Between a large multibillion dollar institution and a small borrower who has more information about the market? Who as a multi-national enterprise knew how these loans were being packaged, stripped and sold to unsuspecting investors around the globe? Who had a better idea that if this all came crashing down… it would be the small guy who would take the fall?

Bankers have a unique responsibility to their borrower… because  they are in a superior position  in terms of such enterprise knowledge, They may well have a legal duty as a fiduciary  (look it up–lol)  not to put their client knowingly or negligently tied down and blind folded in front of an oncoming freight train.
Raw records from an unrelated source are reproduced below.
lemma is_strategy_best_reply:
  assumes "0 < c" "0 \<le> a" "0 \<le> M"
  shows "is_strategy \<Theta> n P (best_reply c a M)"
proof -
  obtain B where B: "\<And>t. t \<in> space P \<Longrightarrow>
      0 \<le> fst t \<and> fst t \<le> B \<and> 1 \<le> real (snd t) \<and> real (snd t) \<le> real n"
    using type_degree_bounds by blast
  have bound: "0 \<le> best_reply c a M t \<and> best_reply c a M t \<le> (B + a * real n * M) / c"
    if "t \<in> space P" for t
    using B[OF that] assms
    by (auto simp: best_reply_def case_prod_beta intro!: divide_right_mono add_mono mult_right_mono mult_left_mono)
  then have "bounded (best_reply c a M ` space P)"
    unfolding bounded_iff by (intro exI[of _ "(B + a * real n * M) / c"]) auto
  moreover have "best_reply c a M \<in> borel_measurable P"
    unfolding best_reply_def by (intro measurable_prior) measurable
  ultimately show ?thesis
    using bound by (auto simp: is_strategy_def space_eq)
qed

lemma bayes_eq_iff_best_reply:
  assumes "0 < c" "0 \<le> a"
    and payoff: "\<And>y thi di x. EU y thi di x = (thi + a * real di * A x) * y - c / 2 * y\<^sup>2 + C x"
    and A_nonneg: "\<And>x. is_strategy \<Theta> n P x \<Longrightarrow> 0 \<le> A x"
  shows "bayes_eq EU \<Theta> n P x \<longleftrightarrow>
    is_strategy \<Theta> n P x \<and> (\<forall>t\<in>space P. x t = best_reply c a (A x) t)"
proof (cases "is_strategy \<Theta> n P x")
  case True
  have "(\<forall>y\<ge>0. EU y thi di x \<le> EU (x (thi, di)) thi di x) \<longleftrightarrow> x (thi, di) = best_reply c a (A x) (thi, di)"
    if "thi \<in> \<Theta>" for thi di
  proof -
    have "0 \<le> thi + a * real di * A x"
      using that types_nonneg A_nonneg[OF True] \<open>0 \<le> a\<close> by auto
    then show ?thesis
      using quadratic_maximizer_iff[OF \<open>0 < c\<close>] by (simp add: payoff best_reply_def)
  qed
  then show ?thesis
    by (auto simp: bayes_eq_def space_eq)
qed (simp add: bayes_eq_def)

lemma unique_bayes_eq_linear_aggregate:
  assumes "0 < c" "0 \<le> a"
    and payoff: "\<And>y thi di x. EU y thi di x = (thi + a * real di * A x) * y - c / 2 * y\<^sup>2 + C x"
    and A_nonneg: "\<And>x. is_strategy \<Theta> n P x \<Longrightarrow> 0 \<le> A x"
    and A_cong: "\<And>x x'. (\<And>t. t \<in> space P \<Longrightarrow> x t = x' t) \<Longrightarrow> A x = A x'"
    and A_best_reply: "\<And>M. A (best_reply c a M) = (A fst + a * M * A (\<lambda>t. real (snd t))) / c"
    and stable: "a * A (\<lambda>t. real (snd t)) < c"
  defines "M\<^sub>0 \<equiv> A fst / (c - a * A (\<lambda>t. real (snd t)))"
  shows "unique_bayes_eq EU \<Theta> n P (best_reply c a M\<^sub>0)"
proof -
  note best_reply_iff =
    bayes_eq_iff_best_reply[where EU = EU and A = A and C = C, OF \<open>0 < c\<close> \<open>0 \<le> a\<close> payoff A_nonneg]
  have fixed_point_iff: "A (best_reply c a M) = M \<longleftrightarrow> M = M\<^sub>0" for M
  proof -
    have "A (best_reply c a M) = M \<longleftrightarrow> A fst + a * M * A (\<lambda>t. real (snd t)) = c * M"
      using \<open>0 < c\<close> by (simp add: A_best_reply divide_eq_eq mult.commute)
    also have "\<dots> \<longleftrightarrow> M * (c - a * A (\<lambda>t. real (snd t))) = A fst"
      by (simp add: algebra_simps) linarith
    also have "\<dots> \<longleftrightarrow> M = M\<^sub>0"
      using stable by (simp add: M\<^sub>0_def eq_divide_eq)
    finally show ?thesis .
  qed
  have "0 \<le> A (best_reply c a 0)"
    using A_nonneg is_strategy_best_reply \<open>0 < c\<close> \<open>0 \<le> a\<close> by simp
  then have "0 \<le> M\<^sub>0"
    using \<open>0 < c\<close> stable by (simp add: A_best_reply M\<^sub>0_def zero_le_divide_iff)
  with \<open>0 < c\<close> \<open>0 \<le> a\<close> have "is_strategy \<Theta> n P (best_reply c a M\<^sub>0)"
    by (rule is_strategy_best_reply)
  moreover have "A (best_reply c a M\<^sub>0) = M\<^sub>0"
    using fixed_point_iff by simp
  ultimately have existence: "bayes_eq EU \<Theta> n P (best_reply c a M\<^sub>0)"
    by (simp add: best_reply_iff)
  have uniqueness: "x t = best_reply c a M\<^sub>0 t" if "bayes_eq EU \<Theta> n P x" "t \<in> space P" for x t
  proof -
    have on_space: "\<And>t. t \<in> space P \<Longrightarrow> x t = best_reply c a (A x) t"
      using that(1) by (simp add: best_reply_iff)
    then have "A (best_reply c a (A x)) = A x"
      by (intro A_cong) simp
    then have "A x = M\<^sub>0"
      using fixed_point_iff[of "A x"] by simp
    with on_space \<open>t \<in> space P\<close> show ?thesis
      by simp
  qed
  show ?thesis
    unfolding unique_bayes_eq_def using existence uniqueness by (simp add: space_eq)
qed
So… do I feel bad keeping my clients in their homes while I defend them against their morally deficient banks who are trying to kick them out of their homes?  You answer that!

A Day in Court Defending A Foreclosure

Thursday, January 22nd, 2009

OK… so I go to court on Tuesday morning for what is called motion calendar. That is where you get maybe unto 5 minutes of face time with the Judge. We were there to move to dismiss a foreclosure for numerous procedural or due process grounds: including the fact that the note was lost and then assigned without recorded proof in the public records of an assignment of mortgage as well as other more technical grounds.

The other attorney had about 15 files stacked so high they partially obscured his face. He was a “Rent-A-Counsel” since the foreclosure was prepared on the other coast of Florida by a Foreclosure Mill. After hearing our argument, the judge read the motion and then decided to defer a ruling by putting the matter on a “special set calendar” in several weeks. The other counsel was silent since he was not knowledgeable about our case nor had he read our motion.

Interestingly, I suggested to the judge that it was likely that the other 14 files had similar problems and that some judges in other parts of the country have begun to look at actual paperwork being thrown together by the banks as part of their “foreclosure filings.” I asked the judge what he thought of that… and he commented in a tone that was partially sarcastic that it was not his role to look at each file if a party chooses to be unrepresented… but that “I should or could represent all these people!” I inquired why some judges elsewhere were taking it upon themselves to look at each file while in Florida the judges were not doing that. Now… getting annoyed he asked why he was even having this philosophical discussion with me and quickly whisked me out of his courtroom.

The good news though is that my client now gets to continue living in his home for another few months!